The primary outcome was all-cause fatality. Secondary outcomes included treatment failure, superinfections, colonization, and adverse events. Two authors independently collected data. We pooled relative risks (RR) with their 95% confidence intervals (CI) using the fixed effect model. We extracted outcomes by intention-to-treat analysis whenever possible.
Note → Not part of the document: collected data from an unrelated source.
theorem lemma6p2:
  fixes X :: "'a::euclidean_space set"
    and lam :: "'a measure"
    and p :: "'a \<Rightarrow> real"
    and S :: "nat \<Rightarrow> 'a set"
    and d :: nat
    and \<rho> :: "real \<Rightarrow> real"
    and \<theta> \<theta>' :: "nat \<Rightarrow> real"
  assumes X_meas: "X \<in> sets borel"
    and lam_space: "space lam = X"
    and lam_sets: "sets lam = sets (restrict_space borel X)"
    and p_meas: "p \<in> borel_measurable lam"
    and p_nonneg: "\<forall>x\<in>X. 0 \<le> p x"
    and p_prob: "(\<integral>\<^sup>+ x. ennreal (p x) \<partial>lam) = 1"
    and S_meas: "\<forall>i\<in>{1..d}. S i \<in> sets lam"
    and S_disj: "\<forall>i\<in>{1..d}. \<forall>j\<in>{1..d}. i \<noteq> j \<longrightarrow> S i \<inter> S j = {}"
    and S_cover: "(\<Union>i\<in>{1..d}. S i) = X"
    and theta_star_pos: "\<forall>i\<in>{1..d}. 0 < theta_star lam p S i"
    and rho_meas: "\<rho> \<in> borel_measurable (restrict_space borel {0<..<1})"
    and rho_pos: "\<forall>t\<in>{0<..<1}. 0 < \<rho> t"
    and theta: "\<theta> \<in> Theta d"
    and theta': "\<theta>' \<in> Theta d"
  shows "tv_norm_diff lam (pi_rho lam p S d \<rho> \<theta>) (pi_rho lam p S d \<rho> \<theta>')
           \<le> 2 * (real d - 1) * (\<Sum>i=1..d. \<bar>1 - \<rho> (\<theta>' i) / \<rho> (\<theta> i)\<bar>)"
proof -
  have p_int: "integrable lam p"
    using p_meas p_nonneg p_prob lam_space by (intro integrableI_nonneg) auto
  have pos: "0 < theta_star lam p S i \<and> 0 < \<rho> (\<theta> i) \<and> 0 < \<rho> (\<theta>' i)" if "i \<in> {1..d}" for i
    using that theta theta' theta_star_pos rho_pos by (auto simp: Theta_def)
  have "tv_norm_diff lam (pi_rho lam p S d \<rho> \<theta>) (pi_rho lam p S d \<rho> \<theta>')
      \<le> (\<Sum>i=1..d. theta_star lam p S i * \<bar>inverse (Z_rho lam p S d \<rho> \<theta>) / \<rho> (\<theta> i)
                                         - inverse (Z_rho lam p S d \<rho> \<theta>') / \<rho> (\<theta>' i)\<bar>)"
    unfolding pi_rho_eq_stratified theta_star_eq_integral
    using p_int p_nonneg lam_space S_meas by (intro tv_norm_diff_stratified_le) auto
  also have "\<dots> \<le> 2 * (real d - 1) * (\<Sum>i=1..d. \<bar>1 - \<rho> (\<theta>' i) / \<rho> (\<theta> i)\<bar>)"
    using normalized_weights_diff_bound[of "{1..d}" "theta_star lam p S" "\<lambda>i. \<rho> (\<theta> i)"
        "\<lambda>i. \<rho> (\<theta>' i)"] pos
    by (simp add: Z_rho_def)
  finally show ?thesis .
qed

end
(* Let $M\in S_d^+$, let $\mathcal T$ be an $M$-reduced mesh and $\Lambda$ the associated Hopf–Lax operator. Let $\delta_+,\delta_-:\mathbb Z^d\to\mathbb R_+\cup\{\infty\}$ be respectively a discrete super-solution and a discrete sub-solution. Then $\delta_-\le\delta_+$ on $\mathbb Z^d$.
   Context: $S_d^+$ is the set of $d\times d$ symmetric positive definite matrices; $\langle u,v\rangle_M:=u^TMv$, $\|u\|_M:=\sqrt{\langle u,u\rangle_M}$. An $M$-reduced mesh is a finite conforming mesh $\mathcal T$ of simplices in $\mathbb R^d$ such that: (I) the union of its simplices is a neighborhood of the origin; (II) the vertices of each $T\in\mathcal T$ lie in $\mathbb Z^d$ and $T$ has volume $1/d!$; (III) each $T\in\mathcal T$ has the origin as a vertex, and its other vertices $v_1,\dots,v_d$ satisfy $\langle v_i,v_j\rangle_M\ge0$ for all $i,j$. For $\delta:\mathbb Z^d\to\mathbb R_+\cup\{\infty\}$ and $z\in\mathbb Z^d$, $\Lambda(\delta,z):=\min\{\|\sum_{i=1}^k\alpha_iv_i\|_M+\sum_{i=1}^k\alpha_i\delta(z+v_i)\}$ over $1\le k\le d$, $\alpha_i\ge0$ with $\sum_i\alpha_i=1$, and non-zero vertices $v_1,\dots,v_k$ of a common simplex of $\mathcal T$ (convention $0\times\infty=0$). A map $\delta:\mathbb Z^d\to\mathbb R_+\cup\{\infty\}$ is a super-solution (resp. sub-solution) if $\delta(0)=0$ and $\delta(z)\ge\Lambda(\delta,z)$ (resp. $\delta(z)\le\Lambda(\delta,z)$) for all $z\in\mathbb Z^d\setminus\{0\}$. *)

theory Defs
  imports "HOL-Analysis.Analysis" "HOL-Library.Extended_Nonnegative_Real"
begin

text \<open>Lattice points of Z^d are represented by the type int^'n; d = CARD('n).\<close>

definition rvec :: "int ^ 'n \<Rightarrow> real ^ 'n" where
  "rvec z = (\<chi> i. real_of_int (z $ i))"

definition sym_posdef :: "real ^ 'n ^ 'n \<Rightarrow> bool" where
  "sym_posdef M \<longleftrightarrow> transpose M = M \<and> (\<forall>x. x \<noteq> 0 \<longrightarrow> x \<bullet> (M *v x) > 0)"

definition inner_M :: "real ^ 'n ^ 'n \<Rightarrow> real ^ 'n \<Rightarrow> real ^ 'n \<Rightarrow> real" where
  "inner_M M u v = u \<bullet> (M *v v)"

definition norm_M :: "real ^ 'n ^ 'n \<Rightarrow> real ^ 'n \<Rightarrow> real" where
  "norm_M M u = sqrt (inner_M M u u)"

text \<open>A simplex of the mesh is given by its finite set of d+1 integer vertices;
  the simplex itself is the convex hull of (the real images of) these vertices.\<close>

definition simplex_of :: "(int ^ 'n) set \<Rightarrow> (real ^ 'n) set" where
  "simplex_of T = convex hull (rvec ` T)"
We included 64 trials, randomizing 7586 patients. Twenty trials compared the same beta-lactam in both study arms, while the remaining compared different beta-lactams using a broader spectrum beta-lactam in the monotherapy arm. In studies comparing the same beta-lactam, we observed no difference between study groups with regard to all-cause fatality, RR 1.01 (95% CI 0.75-1.35) and clinical failure, RR 1.11 (95% CI 0.95-1.29). In studies comparing different beta-lactams, we observed an advantage to monotherapy: all cause fatality RR 0.85 (95% CI 0.71-1.01), clinical failure RR 0.77 (95% CI 0.69-0.86). No significant disparities emerged from subgroup and sensitivity analyses, including the assessment of patients with Gram-negative and Pseudomonas aeruginosa infections. We detected no differences in the rate of resistance development. Adverse events rates did not differ significantly between the study groups overall, although nephrotoxicity was significantly more frequent with combination therapy, RR 0.30 (95% CI 0.23-0.39). We found no heterogeneity for all comparisons. We included a small subset of studies addressing patients with Gram-positive infections, mainly endocarditis. We identified no difference between monotherapy and combination therapy in these studies.


The addition of an aminoglycoside to beta-lactams for sepsis should be discouraged. All-cause fatality rates are unchanged. Combination treatment carries a significant risk of nephrotoxicity.